Its outgoing director is hoping that an organization such as the Bill & Melinda Gates Foundation will be able to continue some of its work, even as the institution itself loses its legal status.
The Technical Centre for Agricultural and Rural Cooperation, or CTA, based in Wageningen in the Netherlands, began working in 1984 to improve knowledge-sharing between people working in agriculture and rural development in African, Caribbean, and Pacific countries.

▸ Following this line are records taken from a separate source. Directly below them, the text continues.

definition automorphism :: "('a \<Rightarrow> 'a) \<Rightarrow> 'a graph \<Rightarrow> bool" where
  "automorphism \<sigma> G \<longleftrightarrow> bij_betw \<sigma> (verts G) (verts G) \<and>
     (\<forall>u\<in>verts G. \<forall>v\<in>verts G. adj G (\<sigma> u) (\<sigma> v) \<longleftrightarrow> adj G u v)"

definition edge_transitive :: "'a graph \<Rightarrow> bool" where
  "edge_transitive G \<longleftrightarrow>
     (\<forall>e1\<in>edges G. \<forall>e2\<in>edges G. \<exists>\<sigma>. automorphism \<sigma> G \<and> \<sigma> ` e1 = e2)"

definition F'_t :: "'b graph \<Rightarrow> 'b \<Rightarrow> 'b \<Rightarrow> nat \<Rightarrow> ('b \<times> nat) graph" where
  "F'_t F x y t = add_edge (blowup (delete_edge F {x, y}) (complete_graph t)) {(x, 0), (y, 0)}"

text \<open>rsat(n,H): defined when some regular n-vertex H-saturated graph exists (every
  n-vertex graph is isomorphic to one on {0..<n}).\<close>
definition rsat_defined :: "nat \<Rightarrow> 'b graph \<Rightarrow> bool" where
  "rsat_defined n H \<longleftrightarrow> (\<exists>G :: nat graph. verts G = {0..<n} \<and> regular G \<and> saturated H G)"

definition rsat :: "nat \<Rightarrow> 'b graph \<Rightarrow> nat" where
  "rsat n H = (LEAST m. \<exists>G :: nat graph. verts G = {0..<n} \<and> regular G \<and> saturated H G
                         \<and> card (edges G) = m)"

end

theory Submission
  imports Defs "HOL-Combinatorics.Transposition"
begin

(* A non-edge of G[K_t] joins the fibres of a non-edge uv of G. Saturation gives a copy of F in
   G + uv through uv; by edge-transitivity it maps xy onto uv, and blowing it up, with the fibres
   of x and y permuted so that (x,0) and (y,0) land on the ends of the non-edge, gives a copy of
   F'_t through it. For F = K_s and G K_s-free, the two (s-1)t-cliques of F'_t obtained by deleting
   the fibre of x or of y must map onto full fibres over (s-1)-cliques P, Q of G sharing s-2
   vertices; the extra edge of F'_t joins the two private vertices, so P \<union> Q is an s-clique.
   Finally, the Kneser graph K(sk-1,k) is regular and K_s-saturated; its blow-up has
   N = C(sk-1,k) t vertices and degree below 2t C(sk-1-k,k), and
   C(sk-1-k,k) / C(sk-1,k) \<le> ((s-1)/s)^k, so the edge density tends to 0 with k. *)

lemma verts_pair [simp]: "verts (V, E) = V"
  and edges_pair [simp]: "edges (V, E) = E"
  by (simp_all add: verts_def edges_def)

lemma verts_add_edge [simp]: "verts (add_edge G e) = verts G"
  and edges_add_edge [simp]: "edges (add_edge G e) = insert e (edges G)"
  and verts_delete_edge [simp]: "verts (delete_edge G e) = verts G"
  and edges_delete_edge [simp]: "edges (delete_edge G e) = edges G - {e}"
  by (simp_all add: add_edge_def delete_edge_def)

lemma wf_graph_edgeE:
  assumes "wf_graph G" "e \<in> edges G"
  obtains u v where "e = {u, v}" "u \<noteq> v" "u \<in> verts G" "v \<in> verts G"
  using assms by (auto simp: wf_graph_def)

lemma wf_graph_edge_subset: "wf_graph G \<Longrightarrow> e \<in> edges G \<Longrightarrow> e \<subseteq> verts G"
  by (auto elim: wf_graph_edgeE)

lemma wf_graph_edge_neq: "wf_graph G \<Longrightarrow> {u, v} \<in> edges G \<Longrightarrow> u \<noteq> v"
  by (auto simp: doubleton_eq_iff elim: wf_graph_edgeE)

section \<open>Complete graphs and blow-ups\<close>

lemma verts_complete_graph [simp]: "verts (complete_graph t) = {0..<t}"
  by (simp add: complete_graph_def)

lemma edge_complete_graph_iff: "{a, b} \<in> edges (complete_graph t) \<longleftrightarrow> a < t \<and> b < t \<and> a \<noteq> b"
  by (auto simp: complete_graph_def doubleton_eq_iff)

lemma wf_graph_complete_graph: "wf_graph (complete_graph t)"
  by (auto simp: wf_graph_def complete_graph_def)

lemma is_complete_complete_graph: "is_complete (complete_graph t)"
  by (auto simp: is_complete_def edge_complete_graph_iff)

lemma degree_complete_graph: "a < t \<Longrightarrow> degree (complete_graph t) a = t - 1"
proof -
  assume "a < t"
  then have "{b \<in> verts (complete_graph t). adj (complete_graph t) a b} = {0..<t} - {a}"
    by (auto simp: adj_def edge_complete_graph_iff)
  with \<open>a < t\<close> show ?thesis
    by (simp add: degree_def)
qed

lemma automorphism_complete_graph:
  assumes "bij_betw \<sigma> {0..<t} {0..<t}"
  shows "automorphism \<sigma> (complete_graph t)"
  unfolding automorphism_def
proof (intro conjI ballI)
  show "bij_betw \<sigma> (verts (complete_graph t)) (verts (complete_graph t))"
    using assms by simp
  fix u v assume "u \<in> verts (complete_graph t)" "v \<in> verts (complete_graph t)"
  moreover from this have "\<sigma> u < t" "\<sigma> v < t" "\<sigma> u = \<sigma> v \<longleftrightarrow> u = v"
    using assms by (auto simp: bij_betw_def inj_on_eq_iff)
  ultimately show "adj (complete_graph t) (\<sigma> u) (\<sigma> v) \<longleftrightarrow> adj (complete_graph t) u v"
    by (simp add: adj_def edge_complete_graph_iff)
qed

lemma edge_transitive_complete_graph: "edge_transitive (complete_graph t)"
  unfolding edge_transitive_def
proof (intro ballI)
  fix e1 e2 assume "e1 \<in> edges (complete_graph t)" "e2 \<in> edges (complete_graph t)"
  then obtain a b c d where e: "e1 = {a, b}" "e2 = {c, d}" "a < t" "b < t" "c < t" "d < t"
    "a \<noteq> b" "c \<noteq> d"
    by (auto simp: complete_graph_def)
  define b' where "b' = transpose a c b"
  define \<sigma> where "\<sigma> = transpose b' d \<circ> transpose a c"
  have "b' < t" "b' \<noteq> c"
    using e by (auto simp: b'_def transpose_def)
  then have "bij_betw (transpose a c) {0..<t} {0..<t}" "bij_betw (transpose b' d) {0..<t} {0..<t}"
    using e by simp_all
  then have "bij_betw \<sigma> {0..<t} {0..<t}"
    unfolding \<sigma>_def by (rule bij_betw_trans)
  moreover have "\<sigma> ` e1 = e2"
    using \<open>b' \<noteq> c\<close> e by (auto simp: \<sigma>_def b'_def transpose_def)
  ultimately show "\<exists>\<sigma>. automorphism \<sigma> (complete_graph t) \<and> \<sigma> ` e1 = e2"
    using automorphism_complete_graph by blast
qed

lemma regular_complete_graph: "regular (complete_graph t)"
  by (auto simp: regular_def degree_complete_graph)

lemma verts_blowup [simp]: "verts (blowup G H) = verts G \<times> verts H"
  by (simp add: blowup_def)

lemma edges_blowupE:
  assumes "e \<in> edges (blowup G H)"
  obtains u a v b where "e = {(u, a), (v, b)}" "u \<in> verts G" "v \<in> verts G" "a \<in> verts H"
    "b \<in> verts H" "u = v \<and> {a, b} \<in> edges H \<or> u \<noteq> v \<and> {u, v} \<in> edges G"
  using assms by (auto simp: blowup_def)

lemma edge_blowup_iff:
  "{(u, a), (v, b)} \<in> edges (blowup G H) \<longleftrightarrow>
     u \<in> verts G \<and> v \<in> verts G \<and> a \<in> verts H \<and> b \<in> verts H \<and>
     (u = v \<and> {a, b} \<in> edges H \<or> u \<noteq> v \<and> {u, v} \<in> edges G)"
proof
  assume "{(u, a), (v, b)} \<in> edges (blowup G H)"
  then show "u \<in> verts G \<and> v \<in> verts G \<and> a \<in> verts H \<and> b \<in> verts H \<and>
     (u = v \<and> {a, b} \<in> edges H \<or> u \<noteq> v \<and> {u, v} \<in> edges G)"
    by (elim edges_blowupE) (auto simp: doubleton_eq_iff insert_commute)
qed (auto simp: blowup_def)

lemma adj_blowup_iff:
  "adj (blowup G H) (u, a) (v, b) \<longleftrightarrow>
     u \<in> verts G \<and> v \<in> verts G \<and> a \<in> verts H \<and> b \<in> verts H \<and> (u = v \<and> adj H a b \<or> adj G u v)"
  by (auto simp: adj_def edge_blowup_iff)

lemma wf_graph_blowup:
  assumes "wf_graph G" "wf_graph H"
  shows "wf_graph (blowup G H)"
  unfolding wf_graph_def
proof (intro conjI ballI)
  show "finite (verts (blowup G H))"
    using assms by (simp add: wf_graph_def)
  fix e assume "e \<in> edges (blowup G H)"
  then obtain u a v b where e: "e = {(u, a), (v, b)}" "u \<in> verts G" "v \<in> verts G" "a \<in> verts H"
    "b \<in> verts H" "u = v \<and> {a, b} \<in> edges H \<or> u \<noteq> v \<and> {u, v} \<in> edges G"
    by (elim edges_blowupE)
  then have "(u, a) \<noteq> (v, b)"
    using wf_graph_edge_neq[OF assms(2)] by auto
  with e show "\<exists>p q. e = {p, q} \<and> p \<noteq> q \<and> p \<in> verts (blowup G H) \<and> q \<in> verts (blowup G H)"
    by (intro exI[of _ "(u, a)"] exI[of _ "(v, b)"]) auto
qed

lemma degree_blowup:
  assumes "finite (verts G)" "finite (verts H)" "u \<in> verts G" "a \<in> verts H"
  shows "degree (blowup G H) (u, a) = degree H a + card (verts H) * degree G u"
proof -
  have "{p \<in> verts (blowup G H). adj (blowup G H) (u, a) p} =
      {u} \<times> {b \<in> verts H. adj H a b} \<union> {v \<in> verts G. adj G u v} \<times> verts H"
    using assms by (auto simp: adj_blowup_iff)
  moreover have "card ({u} \<times> {b \<in> verts H. adj H a b} \<union> {v \<in> verts G. adj G u v} \<times> verts H) =
      card ({u} \<times> {b \<in> verts H. adj H a b}) + card ({v \<in> verts G. adj G u v} \<times> verts H)"
    using assms by (intro card_Un_disjoint) (auto simp: adj_def)
  ultimately show ?thesis
    by (simp add: degree_def card_cartesian_product)
qed

lemma regular_blowup:
  assumes "wf_graph G" "wf_graph H" "regular G" "regular H"
  shows "regular (blowup G H)"
proof -
  obtain d d' where "\<forall>u\<in>verts G. degree G u = d" "\<forall>a\<in>verts H. degree H a = d'"
    using assms(3,4) by (auto simp: regular_def)
  then show ?thesis
    using assms(1,2) unfolding regular_def
    by (intro exI[of _ "d' + card (verts H) * d"]) (auto simp: wf_graph_def degree_blowup)
qed

lemma nonedge_blowup_completeE:
  assumes "is_complete H" "e \<in> nonedges (blowup G H)"
  obtains u a v b where "e = {(u, a), (v, b)}" "{u, v} \<in> nonedges G" "a \<in> verts H" "b \<in> verts H"
proof -
  obtain u a v b where uv: "e = {(u, a), (v, b)}" "u \<in> verts G" "v \<in> verts G" "a \<in> verts H"
    "b \<in> verts H" "(u, a) \<noteq> (v, b)" "{(u, a), (v, b)} \<notin> edges (blowup G H)"
    using assms(2) by (auto simp: nonedges_def)
  then have "{u, v} \<in> nonedges G"
    using assms(1) by (auto simp: nonedges_def edge_blowup_iff is_complete_def)
  with uv that show ?thesis
    by blast
qed

section \<open>Embeddings and oversaturation of the blow-up\<close>

lemma embedding_comp:
  assumes "embedding f H G" "embedding g G K"
  shows "embedding (g \<circ> f) H K"
  unfolding embedding_def
proof (intro conjI ballI)
  show "inj_on (g \<circ> f) (verts H)"
    using assms by (auto simp: embedding_def intro: comp_inj_on inj_on_subset)
  show "(g \<circ> f) ` verts H \<subseteq> verts K"
    using assms by (auto simp: embedding_def)
  fix e assume "e \<in> edges H"
  then have "g ` f ` e \<in> edges K"
    using assms by (simp add: embedding_def)
  then show "(g \<circ> f) ` e \<in> edges K"
    by (simp add: image_comp)
qed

Its mandate was renewed in 2000 under the Cotonou Agreement, which governs trade, development, and political relations between the EU and ACP states. Since then, CTA has focused on publications, online communities and training, with 19,000 people attending its events between 2011 and 2017. It currently has 51 staff and receives an average of just under €18 million ($19.5 million) in annual funding, mostly from the European Development Fund, which is paid into by EU member states, a spokesperson for CTA told Devex.
Its future beyond the end of the Cotonou Agreement, which ends this year, has been unclear however, while a successor agreement is negotiated. Its mandate was carried over from Cotonou’s predecessor, the Lomé Convention, and some hoped the same would happen again.

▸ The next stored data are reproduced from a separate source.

lemma sum_w_low_Sq_le:
  fixes \<epsilon> :: real and n i0 j0 :: nat and X Y q :: int and c :: "nat \<Rightarrow> int"
  assumes "\<epsilon> > 0" "i0 \<le> n" "X \<ge> 1" "q \<ge> 1"
  defines "F \<equiv> \<lambda>x. \<Sum>a'\<in>PiE {0..n} (\<lambda>j. if j = j0 then {Y mod q} else {0..<q}).
                    w_low n i0 \<epsilon> x * cmod (Sq n q x a' c)"
      and "A \<equiv> PiE {0..n} (\<lambda>i. if i = i0 then {X} else UNIV)"
  shows "F summable_on A \<and>
         infsum F A \<le> (2 * \<bar>inverse c0\<bar>) ^ (2 * n) * real_of_int q ^ (n + 3)
                        * (2 * real_of_int X * real (divisor_count (nat q))) ^ n"
proof -
  define Box where "Box = PiE {0..n} (\<lambda>i. if i = i0 then {X} else {-X..X} - {0})"
  have "finite Box"
    unfolding Box_def by (intro finite_PiE) auto
  have "Box \<subseteq> A"
    unfolding Box_def A_def by (intro PiE_mono) auto
  have outside: "F x = 0" if "x \<in> A - Box" for x
    using w_low_eq_0_outside_box[OF assms(1,3,2), of x] that by (simp add: F_def A_def Box_def)
  have "F summable_on A"
    using summable_on_cong_neutral[of A Box F F] outside \<open>Box \<subseteq> A\<close> \<open>finite Box\<close> by auto
  have "infsum F A = infsum F Box"
    by (rule infsum_cong_neutral) (use outside \<open>Box \<subseteq> A\<close> in auto)
  then have "infsum F A = sum F Box"
    using \<open>finite Box\<close> by simp
  have "F x \<le> (2 * \<bar>inverse c0\<bar>) ^ (2 * n) * (real_of_int q ^ (n + 2) * (\<Prod>k\<in>{0..n}. real_of_int (gcd (x k) q)))" for x
    unfolding F_def using assms(2,4) by (rule sum_w_low_norm_Sq_le)
  then have "sum F Box \<le> (2 * \<bar>inverse c0\<bar>) ^ (2 * n) * real_of_int q ^ (n + 2)
      * (\<Sum>x\<in>Box. \<Prod>k\<in>{0..n}. real_of_int (gcd (x k) q))"
    by (simp add: sum_mono sum_distrib_left mult.assoc)
  also have "\<dots> \<le> (2 * \<bar>inverse c0\<bar>) ^ (2 * n) * real_of_int q ^ (n + 2)
      * (real_of_int q * (2 * real_of_int X * real (divisor_count (nat q))) ^ n)"
    unfolding Box_def using assms by (intro mult_left_mono sum_prod_gcd_le) auto
  also have "\<dots> = (2 * \<bar>inverse c0\<bar>) ^ (2 * n) * real_of_int q ^ (n + 3)
      * (2 * real_of_int X * real (divisor_count (nat q))) ^ n"
    by (simp add: power_add power2_eq_square power3_eq_cube mult_ac)
  finally show ?thesis
    using \<open>F summable_on A\<close> \<open>infsum F A = sum F Box\<close> by simp
qed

But the organization announced Monday that it would close by the end of the year, which it attributed to the end of the agreement that provides its “legal and financial framework.”
“CTA was meant to end at the end of the Cotonou Agreement, but we were not sure of what would be the future — whether the new agreement would include CTA or not,” Director Michael Hailu, whose second five-year term ends Feb. 29, told Devex. “Initially of course, I would have liked to see CTA [carry on] in the future, but that’s not up to me, that’s at the political negotiation level. Once the decision was taken that CTA would end … [I tried to see that] the investment that has gone into building CTA is not lost, the legacy is not lost.”

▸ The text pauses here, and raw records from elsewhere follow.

lemma wunit_even_below_top:
  assumes "even (card u)" and r: "r \<in> Y0 m" and B: "(\<alpha>, u, r) \<in> WBasis p m n t"
    and "\<alpha> r < piw p t r"
  shows "(wunit (\<alpha>, u, r) :: widx \<Rightarrow> 'a::field) \<in> L"
proof -
  have B0: "(\<alpha>(r := 0), u, r) \<in> WBasis p m n t" using B by (auto simp: mem_WBasis_iff)
  have supp: "\<forall>i. i \<notin> Y0 m \<longrightarrow> (\<alpha>(r := 0)) i = 0" using B by (simp add: mem_WBasis_iff)
  have "(wunit ((\<lambda>i. 0), u, r) :: widx \<Rightarrow> 'a) \<in> L"
    using B assms(1) r by (intro wunit_even_const) (auto simp: mem_WBasis_iff)
  from wunit_even_own_exp_zero[OF _ r this B0 _ supp]
  have "(wunit (\<alpha>(r := 0), u, r) :: widx \<Rightarrow> 'a) \<in> L" by (simp add: Y0_def fun_upd_def)
  from wunit_set_own_exp[OF r B0 _ assms(4) this] show ?thesis by simp
qed

lemma wunit_even:
  assumes "even (card u)" and r: "r \<in> Y0 m" and B: "(\<alpha>, u, r) \<in> WBasis p m n t"
  shows "(wunit (\<alpha>, u, r) :: widx \<Rightarrow> 'a::field) \<in> L"
proof (cases "\<alpha> r < piw p t r")
  case True
  then show ?thesis using wunit_even_below_top assms by blast
next
  case False
  then have top: "\<alpha> r = piw p t r" using B r by (auto simp: mem_WBasis_iff)
  obtain j where j: "j \<in> Y0 m" "j \<noteq> r" using exists_other_Y0[OF r] by blast
  have pi: "3 \<le> piw p t r" "3 \<le> piw p t j" using piw_ge_3 r j by auto
  have rY: "r \<in> Y m n" "j \<in> Y m n" using r j by (auto simp: Y_def)
  let ?\<alpha>' = "\<alpha>(j := 1)"
  have B': "(?\<alpha>', u, r) \<in> WBasis p m n t" using B j pi by (intro fun_upd_mem_WBasis) auto
  have "(?\<alpha>'(r := 0, j := 2), u, r) \<in> WBasis p m n t"
    using B r j pi by (intro fun_upd_mem_WBasis) auto
  then have L1: "(wunit (?\<alpha>'(r := 0, j := 2), u, r) :: widx \<Rightarrow> 'a) \<in> L"
    using j pi by (intro wunit_even_below_top[OF assms(1) r]) auto
  have "(?\<alpha>'(j := 2, r := piw p t r - 1), u, j) \<in> WBasis p m n t"
    using B r j pi rY by (intro fun_upd_mem_WBasis) (auto simp: mem_WBasis_iff)
  then have L2: "(wunit (?\<alpha>'(j := 2, r := piw p t r - 1), u, j) :: widx \<Rightarrow> 'a) \<in> L"
    using j pi by (intro wunit_even_below_top[OF assms(1) j(1)]) auto
  have L3: "(wunit (?\<alpha>', u, r) :: widx \<Rightarrow> 'a) \<in> L"
    using wunit_top_exp[OF j(1) r j(2)[symmetric] B' _ _ L1 L2] top j by simp
  have "\<alpha> j \<le> piw p t j" using B j by (simp add: mem_WBasis_iff)
  from wunit_raise_exp[OF j(1) rY(1) j(2)[symmetric] B' _ this L3] show ?thesis by simp
qed

lemma wunit_odd:
  assumes "odd (card u)" and l: "l \<in> Y1 m n" and B: "(\<beta>, u, l) \<in> WBasis p m n t"
  shows "(wunit (\<beta>, u, l) :: widx \<Rightarrow> 'a::field) \<in> L"
proof -
  have u: "u \<subseteq> Y1 m n" using B by (simp add: mem_WBasis_iff)
  then have "finite u" by (rule finite_subset) (simp add: Y1_def)
  have "u \<noteq> {}" using assms(1) by auto
  obtain k where k: "k \<in> u" "l \<notin> u - {k}"
  proof (cases "l \<in> u")
    case True
    then show ?thesis using that[of l] by blast
  next
    case False
    then show ?thesis using that \<open>u \<noteq> {}\<close> by blast
  qed
  let ?u' = "u - {k}"
  have even: "even (card ?u')" using k(1) assms(1) \<open>finite u\<close> by (simp add: card_Diff_singleton)
  have one: "1 \<in> Y0 m" using two_le_m by (simp add: Y0_def)
  have B': "(\<beta>, ?u', 1) \<in> WBasis p m n t" using B one by (auto simp: mem_WBasis_iff Y_def)
  have "k \<in> Y1 m n" using k(1) u by blast
  from wunit_adjoin_odd[OF one this l _ k(2) B' wunit_even[OF even one B']]
  have "(wunit (\<beta>, insert k ?u', l) :: widx \<Rightarrow> 'a) \<in> L" by simp
  then show ?thesis using k(1) by (simp add: insert_absorb)
qed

David Hales, Guyana’s ambassador to the EU and a member of the ACP Committee of Ambassadors told Devex that ACP wants CTA to continue but that the European Commission told them that this was not envisaged in the commission’s negotiating mandate from EU member states.
CTA “has made an important contribution to supporting sustainable and climate-resilient food and nutrition security,” a European Commission official told Devex. However, “we do not foresee the continuation of CTA under a future agreement. The objectives of the CTA can be catered for in the implementation of the future agreement, but this does not require the setup of a complex joint technical body, in particular since the future agreement seeks to provide for a more tailored approach to the three regions of the ACP Group of States.”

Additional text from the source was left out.